> [Work item] Lines before the one containing "ultimately show thesis" are left out; return that line and all lines after it, exactly, through the end of the records below.

> [Task input]

lemma cauchy_binet:
  fixes C :: "'a::idom mat"
  assumes C: "C \<in> carrier_mat k q" and D: "D \<in> carrier_mat q k"
  shows "det (C * D) = (\<Sum>T\<in>index_sets k q. det (submatrix C UNIV T) * det (submatrix D T UNIV))"
proof -
  let ?P = "det (shift_poly_matrix (D * C) {})"
  \<comment> \<open>compare the coefficients of \<open>\<lambda>\<^sup>q\<close> in Sylvester's identity\<close>
  have "det (C * D) = coeff (monom 1 q * det (shift_poly_matrix (C * D) {})) q"
    using coeff_0_det_shift_poly_matrix[OF mult_carrier_mat[OF C D]] by (simp add: coeff_monom_mult)
  also have "\<dots> = coeff (monom 1 k * ?P) q"
    using sylvester_det_shift_poly_matrix[OF C D] unfolding X_pow_eq_monom by (rule arg_cong)
  also have "\<dots> = (\<Sum>T\<in>index_sets k q. det (submatrix (D * C) T T))"
  proof (cases "k \<le> q")
    case True
    then have "coeff (monom 1 k * ?P) q = coeff ?P (q - k)" by (simp add: coeff_monom_mult)
    also have "\<dots> = (\<Sum>T\<in>index_sets k q. det (submatrix (D * C) T T))"
      using coeff_det_shift_poly_matrix[OF mult_carrier_mat[OF D C], of "{}" k] True
      by (simp add: principal_submatrix_def)
    finally show ?thesis .
  qed (simp add: coeff_monom_mult index_sets_empty)
  also have "\<dots> = (\<Sum>T\<in>index_sets k q. det (submatrix C UNIV T) * det (submatrix D T UNIV))"
  proof (rule sum.cong[OF refl])
    fix T assume T: "T \<in> index_sets k q"
    have T': "T \<inter> {..<q} = T" and cT: "card T = k"
      using index_sets_subset[OF T] card_index_sets[OF T] by auto
    have CT: "submatrix C UNIV T \<in> carrier_mat k k" and DT: "submatrix D T UNIV \<in> carrier_mat k k"
      using submatrix_carrier_mat[OF C, of UNIV T] submatrix_carrier_mat[OF D, of T UNIV]
      unfolding T' cT by simp_all
    show "det (submatrix (D * C) T T) = det (submatrix C UNIV T) * det (submatrix D T UNIV)"
      unfolding submatrix_mult[OF D C] det_mult[OF DT CT] by (rule mult.commute)
  qed
  finally show ?thesis .
qed

section \<open>Principal minors of \<open>A A\<^sup>*\<close>\<close>

lemma mat_adjoint_carrier [simp]: "A \<in> carrier_mat m n \<Longrightarrow> mat_adjoint A \<in> carrier_mat n m"
  and dim_mat_adjoint [simp]: "dim_row (mat_adjoint A) = dim_col A" "dim_col (mat_adjoint A) = dim_row A"
  and index_mat_adjoint [simp]:
    "i < dim_col A \<Longrightarrow> j < dim_row A \<Longrightarrow> mat_adjoint A $$ (i, j) = conjugate (A $$ (j, i))"
  unfolding mat_adjoint_def by (auto simp: mat_of_rows_def)

lemma mat_adjoint_mat_adjoint [simp]: "mat_adjoint (mat_adjoint A) = A"
  by (intro eq_matI) auto

lemma submatrix_mat_adjoint: "submatrix (mat_adjoint A) I J = mat_adjoint (submatrix A J I)"
proof (rule eq_matI)
  fix i j assume "i < dim_row (mat_adjoint (submatrix A J I))"
    and "j < dim_col (mat_adjoint (submatrix A J I))"
  then have i: "i < card {i. i < dim_col A \<and> i \<in> I}" and j: "j < card {j. j < dim_row A \<and> j \<in> J}"
    by (simp_all add: dim_submatrix)
  then show "submatrix (mat_adjoint A) I J $$ (i, j) = mat_adjoint (submatrix A J I) $$ (i, j)"
    using pick_le[OF i] pick_le[OF j] by (simp add: submatrix_index dim_submatrix)
qed (simp_all add: dim_submatrix)

interpretation cnj_hom: comm_ring_hom cnj
  by unfold_locales auto

lemma det_mat_adjoint:
  fixes K :: "complex mat"
  assumes K: "K \<in> carrier_mat k k"
  shows "det (mat_adjoint K) = cnj (det K)"
proof -
  have "mat_adjoint K = transpose_mat (map_mat cnj K)"
    using K by (intro eq_matI) auto
  then show ?thesis using K by (simp add: det_transpose)
qed

lemma cauchy_binet_mat_adjoint:
  fixes C :: "complex mat"
  assumes C: "C \<in> carrier_mat k q"
  shows "det (C * mat_adjoint C) = of_real (\<Sum>T\<in>index_sets k q. (cmod (det (submatrix C UNIV T)))\<^sup>2)"
proof -
  have "det (submatrix (mat_adjoint C) T UNIV) = cnj (det (submatrix C UNIV T))"
    if "T \<in> index_sets k q" for T
    using submatrix_carrier_mat[OF C, of UNIV T] index_sets_subset[OF that] card_index_sets[OF that]
    by (simp add: submatrix_mat_adjoint det_mat_adjoint Int_absorb2)
  then show ?thesis
    unfolding cauchy_binet[OF C mat_adjoint_carrier[OF C]] of_real_sum
    by (intro sum.cong refl) (subst complex_norm_square, simp)
qed

lemma det_principal_submatrix_mult_adjoint:
  fixes A :: "complex mat"
  assumes A: "A \<in> carrier_mat m n" and S: "S \<subseteq> {..<m}"
  shows "det (principal_submatrix (A * mat_adjoint A) S)
    = of_real (\<Sum>T\<in>index_sets (card S) n. (cmod (det (submatrix A S T)))\<^sup>2)"
proof -
  have AS: "submatrix A S UNIV \<in> carrier_mat (card S) n"
    using submatrix_carrier_mat[OF A, of S UNIV] S by (simp add: Int_absorb2)
  have "principal_submatrix (A * mat_adjoint A) S = submatrix A S UNIV * mat_adjoint (submatrix A S UNIV)"
    unfolding principal_submatrix_def submatrix_mult[OF A mat_adjoint_carrier[OF A]] submatrix_mat_adjoint ..
  then show ?thesis
    by (simp add: cauchy_binet_mat_adjoint[OF AS] submatrix_submatrix_UNIV)
qed

lemma sum_principal_minors_mult_adjoint:
  fixes A :: "complex mat"
  assumes A: "A \<in> carrier_mat m n"
  shows "(\<Sum>S\<in>index_sets k m. det (principal_submatrix (A * mat_adjoint A) S))
    = of_real (\<Sum>S\<in>index_sets k m. \<Sum>T\<in>index_sets k n. (cmod (det (submatrix A S T)))\<^sup>2)"
  unfolding of_real_sum[of _ "index_sets k m"]
proof (rule sum.cong[OF refl])
  fix S assume "S \<in> index_sets k m"
  then show "det (principal_submatrix (A * mat_adjoint A) S)
    = of_real (\<Sum>T\<in>index_sets k n. (cmod (det (submatrix A S T)))\<^sup>2)"
    using det_principal_submatrix_mult_adjoint[OF A] index_sets_subset card_index_sets by metis
qed

lemma sum_principal_minors_mult_adjoint_above_rank:
  fixes A :: "complex mat"
  assumes A: "A \<in> carrier_mat m n" and k: "vec_space.rank m A < k"
  shows "(\<Sum>S\<in>index_sets k m. det (principal_submatrix (A * mat_adjoint A) S)) = 0"
proof -
  have "det (submatrix A S T) = 0" if "S \<in> index_sets k m" "T \<in> index_sets k n" for S T
  proof (rule ccontr)
    assume "det (submatrix A S T) \<noteq> 0"
    then have "card {j. j < n \<and> j \<in> T} \<le> vec_space.rank m A" by (rule vec_space.rank_gt_minor[OF A])
    moreover have "{j. j < n \<and> j \<in> T} = T" using index_sets_subset[OF that(2)] by auto
    ultimately show False using card_index_sets[OF that(2)] k by simp
  qed
  then show ?thesis unfolding sum_principal_minors_mult_adjoint[OF A] by simp
qed

lemma cscalar_prod_mult_mat_vec_adjoint:
  fixes K :: "complex mat"
  assumes K: "K \<in> carrier_mat p r" and v: "v \<in> carrier_vec r" and w: "w \<in> carrier_vec p"
  shows "(K *\<^sub>v v) \<bullet>c w = v \<bullet>c (mat_adjoint K *\<^sub>v w)"
proof -
  have "(K *\<^sub>v v) \<bullet>c w = (\<Sum>l<p. \<Sum>a<r. K $$ (l, a) * v $ a * cnj (w $ l))"
    using K v w by (simp add: scalar_prod_def lessThan_atLeast0 sum_distrib_right)
  also have "\<dots> = (\<Sum>a<r. \<Sum>l<p. K $$ (l, a) * v $ a * cnj (w $ l))"
    by (rule sum.swap)
  also have "\<dots> = v \<bullet>c (mat_adjoint K *\<^sub>v w)"
    using K v w by (simp add: scalar_prod_def lessThan_atLeast0 sum_distrib_left ac_simps)
  finally show ?thesis .
qed

lemma mult_mat_vec_eq_0_of_adjoint_mult:
  fixes K :: "complex mat"
  assumes K: "K \<in> carrier_mat p r" and v: "v \<in> carrier_vec r"
    and Kv: "(mat_adjoint K * K) *\<^sub>v v = 0\<^sub>v r"
  shows "K *\<^sub>v v = 0\<^sub>v p"
proof -
  have "(K *\<^sub>v v) \<bullet>c (K *\<^sub>v v) = v \<bullet>c ((mat_adjoint K * K) *\<^sub>v v)"
    using K v assoc_mult_mat_vec[OF mat_adjoint_carrier[OF K] K v]
    by (simp add: cscalar_prod_mult_mat_vec_adjoint[OF K v])
  then have "(K *\<^sub>v v) \<bullet>c (K *\<^sub>v v) = 0" using Kv v by simp
  moreover have "K *\<^sub>v v \<in> carrier_vec p" using K v by simp
  ultimately show ?thesis by simp
qed

lemma (in vec_space) exists_injective_column_submatrix:
  assumes A: "A \<in> carrier_mat n nc"
  obtains T where "T \<subseteq> {..<nc}" "card T = rank A"
    "\<And>w. w \<in> carrier_vec (card T) \<Longrightarrow> submatrix A UNIV T *\<^sub>v w = 0\<^sub>v n \<Longrightarrow> w = 0\<^sub>v (card T)"
proof -
  obtain S where maxS: "maximal S (\<lambda>T. T \<subseteq> set (cols A) \<and> lin_indpt T)"
    using maximal_exists[of "\<lambda>T. T \<subseteq> set (cols A) \<and> lin_indpt T" "card (set (cols A))" "{}"]
    by (meson List.finite_set card_mono empty_iff empty_subsetI finite_lin_indpt2 rev_finite_subset)
  have S: "S \<subseteq> set (cols A)" "lin_indpt S" using maxS unfolding maximal_def by auto
  define idx where "idx v = find_first v (cols A)" for v
  define T where "T = idx ` S"
  have idx: "idx v < nc" "col A (idx v) = v" if "v \<in> S" for v
    using that S(1) A find_first_le[of v "cols A"] nth_find_first[of v "cols A"] by (auto simp: idx_def)
  have T: "T \<subseteq> {..<nc}" using idx(1) unfolding T_def by auto
  have bij: "bij_betw (col A) T S"
    by (rule bij_betw_byWitness[where f' = idx]) (auto simp: T_def idx(2))
  have finT: "finite T" using T finite_subset by blast
  define AT where "AT = submatrix A UNIV T"
  have cT: "{j. j < nc \<and> j \<in> T} = T" using T by auto
  have AT: "AT \<in> carrier_mat n (card T)"
    using submatrix_carrier_mat[OF A, of UNIV T] T unfolding AT_def by (simp add: Int_absorb2)
  have col_AT: "col AT b = (col A \<circ> pick T) b" if "b < card T" for b
    using col_submatrix_UNIV[of b A T] that A cT unfolding AT_def by simp
  have inj: "inj_on (col A \<circ> pick T) {..<card T}"
    using bij_betw_pick[OF finT] bij by (intro comp_inj_on) (auto simp: bij_betw_def)
  have cols_AT: "cols AT = map (col A \<circ> pick T) [0..<card T]"
    using AT col_AT by (intro nth_equalityI) auto
  have "pick T ` {..<card T} = T" using bij_betw_pick[OF finT] by (simp add: bij_betw_def)
  then have "set (cols AT) = col A ` T"
    unfolding cols_AT set_map set_upt image_comp[symmetric] atLeast0LessThan by simp
  also have "\<dots> = S" using bij by (simp add: bij_betw_def)
  finally have set_cols: "set (cols AT) = S" .
  have dist: "distinct (cols AT)" using inj unfolding cols_AT by (simp add: distinct_map atLeast_upt)
  show thesis
  proof
    show "T \<subseteq> {..<nc}" by (rule T)
    show "card T = rank A" using rank_card_indpt[OF A maxS] bij_betw_same_card[OF bij] by simp
    fix w assume w: "w \<in> carrier_vec (card T)" and zero: "submatrix A UNIV T *\<^sub>v w = 0\<^sub>v n"
    show "w = 0\<^sub>v (card T)"
    proof (rule ccontr)
      assume "w \<noteq> 0\<^sub>v (card T)"
      from lin_depI[OF AT w this zero[folded AT_def] dist] show False using S(2) set_cols by simp
    qed
  qed
qed

lemma exists_nonzero_minor_rank:
  fixes A :: "complex mat"
  assumes A: "A \<in> carrier_mat m n"
  obtains S T where "S \<in> index_sets (vec_space.rank m A) m" "T \<in> index_sets (vec_space.rank m A) n"
    "det (submatrix A S T) \<noteq> 0"
proof -
  define r where "r = vec_space.rank m A"
  obtain T where T: "T \<subseteq> {..<n}" "card T = r"
    and inj: "\<And>w. w \<in> carrier_vec r \<Longrightarrow> submatrix A UNIV T *\<^sub>v w = 0\<^sub>v m \<Longrightarrow> w = 0\<^sub>v r"
    using vec_space.exists_injective_column_submatrix[OF A] unfolding r_def by metis
  define AT where "AT = submatrix A UNIV T"
  have AT: "AT \<in> carrier_mat m r"
    using submatrix_carrier_mat[OF A, of UNIV T] T by (simp add: AT_def Int_absorb2)
  \<comment> \<open>the Gram matrix of independent columns is invertible, and by Cauchy--Binet its determinant
    is the sum of the squared moduli of the \<open>r \<times> r\<close> minors in these columns\<close>
  have "det (mat_adjoint AT * AT) \<noteq> 0"
  proof
    assume "det (mat_adjoint AT * AT) = 0"
    then obtain v where "v \<in> carrier_vec r" "v \<noteq> 0\<^sub>v r" "(mat_adjoint AT * AT) *\<^sub>v v = 0\<^sub>v r"
      using det_0_iff_vec_prod_zero_field[OF mult_carrier_mat[OF mat_adjoint_carrier[OF AT] AT]] by blast
    then show False using inj mult_mat_vec_eq_0_of_adjoint_mult[OF AT] unfolding AT_def by blast
  qed
  moreover have "det (mat_adjoint AT * AT) = of_real (\<Sum>S\<in>index_sets r m. (cmod (det (submatrix A S T)))\<^sup>2)"
  proof -
    have "det (mat_adjoint AT * AT)
        = of_real (\<Sum>S\<in>index_sets r m. (cmod (det (submatrix (mat_adjoint AT) UNIV S)))\<^sup>2)"
      using cauchy_binet_mat_adjoint[OF mat_adjoint_carrier[OF AT]] by simp
    also have "\<dots> = of_real (\<Sum>S\<in>index_sets r m. (cmod (det (submatrix A S T)))\<^sup>2)"
    proof (intro arg_cong[where f = of_real] sum.cong refl)
      fix S assume S: "S \<in> index_sets r m"
      have "submatrix A S T \<in> carrier_mat r r"
        using submatrix_carrier_mat[OF A, of S T] T index_sets_subset[OF S] card_index_sets[OF S]
        by (simp add: Int_absorb2)
      then show "(cmod (det (submatrix (mat_adjoint AT) UNIV S)))\<^sup>2 = (cmod (det (submatrix A S T)))\<^sup>2"
        unfolding submatrix_mat_adjoint AT_def submatrix_split[symmetric] by (simp add: det_mat_adjoint)
    qed
    finally show ?thesis .
  qed
  ultimately obtain S where "S \<in> index_sets r m" "det (submatrix A S T) \<noteq> 0"
    by (metis (mono_tags, lifting) of_real_0 power_zero_numeral sum.neutral zero_eq_power2 norm_zero)
  moreover have "T \<in> index_sets r n" using T unfolding index_sets_def by simp
  ultimately show thesis using that unfolding r_def by blast
qed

> [Reply]
  ultimately show thesis using that unfolding r_def by blast
qed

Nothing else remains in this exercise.